- What the task requires: Lines from the material below that hold the string "obtain" are what is needed; copy each of them.

○ ○ ○ ○ ○ ○ ○

lemma inj_on_layer:
  assumes "cube_packing (Suc n) P"
  shows "inj_on (\<lambda>x. x(n := 0)) {x \<in> P. covers_seg (x n) c}"
proof (rule inj_onI)
  fix x y
  assume "x \<in> {x \<in> P. covers_seg (x n) c}" "y \<in> {x \<in> P. covers_seg (x n) c}"
    and eq: "x(n := 0) = y(n := 0)"
  show "x = y"
  proof (rule ccontr)
    assume "x \<noteq> y"
    then obtain i where "i < n" "\<bar>x i - y i\<bar> = 2"
      using layer_opposite_below[OF assms] \<open>x \<in> _\<close> \<open>y \<in> _\<close> by blast
    then show False
      using fun_cong[OF eq, of i] by simp
  qed
qed

lemma layer_packing:
  assumes "cube_packing (Suc n) P"
  shows "cube_packing n (layer n P c)"
proof -
  have "layer n P c \<subseteq> cube_reps n"
    using assms unfolding cube_packing_def layer_def cube_reps_def by auto
  moreover have "\<exists>i<n. \<bar>x' i - y' i\<bar> = 2"
    if "x' \<in> layer n P c" "y' \<in> layer n P c" "x' \<noteq> y'" for x' y'
    using that layer_opposite_below[OF assms] unfolding layer_def by fastforce
  ultimately show ?thesis
    unfolding cube_packing_def by blast
qed

lemma card_layer_opposite:
  assumes P: "cube_packing (Suc n) P"
  shows "card (layer n P c) + card (layer n P (c + 2)) = card P"
proof -
  let ?A = "{x \<in> P. covers_seg (x n) c}" and ?B = "{x \<in> P. covers_seg (x n) (c + 2)}"
  have "?A \<union> ?B = P" "?A \<inter> ?B = {}"
    using covers_seg_add2 by blast+
  then have "card ?A + card ?B = card P"
    using card_Un_disjoint[of ?A ?B] finite_packing[OF P] by simp
  then show ?thesis
    unfolding layer_def using card_image[OF inj_on_layer[OF P]] by simp
qed

lemma card_packing_le: "cube_packing d P \<Longrightarrow> card P \<le> 2 ^ d"
proof (induction d arbitrary: P)
  case 0
  have "cube_reps 0 = {\<lambda>_. 0}"
    by (auto simp: cube_reps_def)
  then show ?case
    using packing_subset_reps[OF 0] card_mono[of "{\<lambda>_. 0}" P] by simp
next
  case (Suc n)
  have "card P = card (layer n P 0) + card (layer n P 2)"
    using card_layer_opposite[OF Suc.prems, of 0] by simp
  also have "\<dots> \<le> 2 ^ n + 2 ^ n"
    using Suc.IH[OF layer_packing[OF Suc.prems]] by (intro add_mono)
  finally show ?case
    by simp
qed

lemma tiling_no_hole: "cube_tiling d T \<Longrightarrow> \<not> hole d T z"
proof (induction d arbitrary: T z)
  case 0
  then obtain x where "x \<in> T"
    by (fastforce simp: cube_tiling_def)
  then show ?case
    by (auto simp: hole_def covers_def)
next
  case (Suc n)
  have T: "cube_packing (Suc n) T" "card T = 2 * 2 ^ n"
    using Suc.prems by (simp_all add: cube_tiling_def)
  let ?L = "\<lambda>c. layer n T c"
  have "card (?L (z n)) + card (?L (z n + 2)) = 2 * 2 ^ n"
    using card_layer_opposite[OF T(1)] T(2) by simp
  moreover have "card (?L (z n)) \<le> 2 ^ n" "card (?L (z n + 2)) \<le> 2 ^ n"
    using card_packing_le[OF layer_packing[OF T(1)]] by blast+
  ultimately have "cube_tiling n (?L (z n))"
    using layer_packing[OF T(1)] unfolding cube_tiling_def by simp
  then have "\<not> hole n (?L (z n)) z"
    using Suc.IH by blast
  then show ?case
    using hole_Suc_upd_iff[of n T z "z n"] by simp
qed

lemma holes_of_almost_tiling:
  assumes Q: "cube_packing n Q" and card: "card Q + 1 = 2 ^ n"
    and a: "a \<in> cube_reps n" "disjoint_from n Q a"
  shows "hole n Q w \<longleftrightarrow> covers n a w"
proof
  have "cube_tiling n (insert a Q)"
    using packing_insert[OF Q a] finite_packing[OF Q] card by (simp add: cube_tiling_def)
  then show "hole n Q w \<Longrightarrow> covers n a w"
    using tiling_no_hole by (fastforce simp: hole_def)
next
  show "covers n a w \<Longrightarrow> hole n Q w"
    using a disjoint_from_iff_holes packing_subset_reps[OF Q] by blast
qed

lemma hole_layer_neighbour:
  assumes P: "cube_packing (Suc n) P" and hole: "hole n (layer n P c) w"
  shows "hole n (layer n P (c + 1)) w \<or> hole n (layer n P (c - 1)) w"
proof (rule ccontr)
  assume "\<not> ?thesis"
  then obtain x y where x: "x \<in> P" "covers_seg (x n) (c + 1)" "covers n x w"
    and y: "y \<in> P" "covers_seg (y n) (c - 1)" "covers n y w"
    unfolding hole_layer_iff by blast
  have "\<not> covers_seg (x n) c" "\<not> covers_seg (y n) c"
    using hole x y unfolding hole_layer_iff by blast+
  then have "covers_seg (x n) (c + 2)" "covers_seg (y n) (c + 2)"
    using x(2) y(2) unfolding covers_seg_def by presburger+
  then have "x = y"
    using packing_common_cell_eq[OF P x(1) y(1), of "w(n := c + 2)"] x(3) y(3)
    by (simp add: covers_Suc_upd)
  then show False
    using x(2) y(2) unfolding covers_seg_def by presburger
qed

section \<open>Adding a cube\<close>

lemma extensible_SucI:
  assumes P: "P \<subseteq> cube_reps (Suc n)" and a: "a \<in> cube_reps n"
    and holes: "\<And>w. covers n a w \<Longrightarrow> hole n (layer n P t) w \<and> hole n (layer n P (t + 1)) w"
  shows "extensible (Suc n) P"
proof -
  let ?y = "a(n := t mod 4)"
  have y: "?y \<in> cube_reps (Suc n)"
    using a by (auto simp: cube_reps_def less_Suc_eq)
  have "hole (Suc n) P z" if "covers (Suc n) ?y z" for z
  proof -
    have "covers n a z" "covers_seg (t mod 4) (z n)"
      using that covers_Suc_upd[of n ?y z "z n"] by (simp_all add: covers_upd_ge)
    then have "hole n (layer n P t) z \<and> hole n (layer n P (t + 1)) z"
      and "z n mod 4 = t mod 4 \<or> z n mod 4 = (t + 1) mod 4"
      using holes unfolding covers_seg_def by (blast, presburger)
    then have "hole n (layer n P (z n)) z"
      using layer_cong_mod by metis
    then show ?thesis
      using hole_Suc_upd_iff[of n P z "z n"] by simp
  qed
  then show ?thesis
    unfolding extensible_def using disjoint_from_iff_holes[OF y P] y by blast
qed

○ ○ ○ ○ ○ ○ ○

- Response area:
    then obtain i where "i < n" "\<bar>x i - y i\<bar> = 2"
  then obtain x where "x \<in> T"
  then obtain x y where x: "x \<in> P" "covers_seg (x n) (c + 1)" "covers n x w"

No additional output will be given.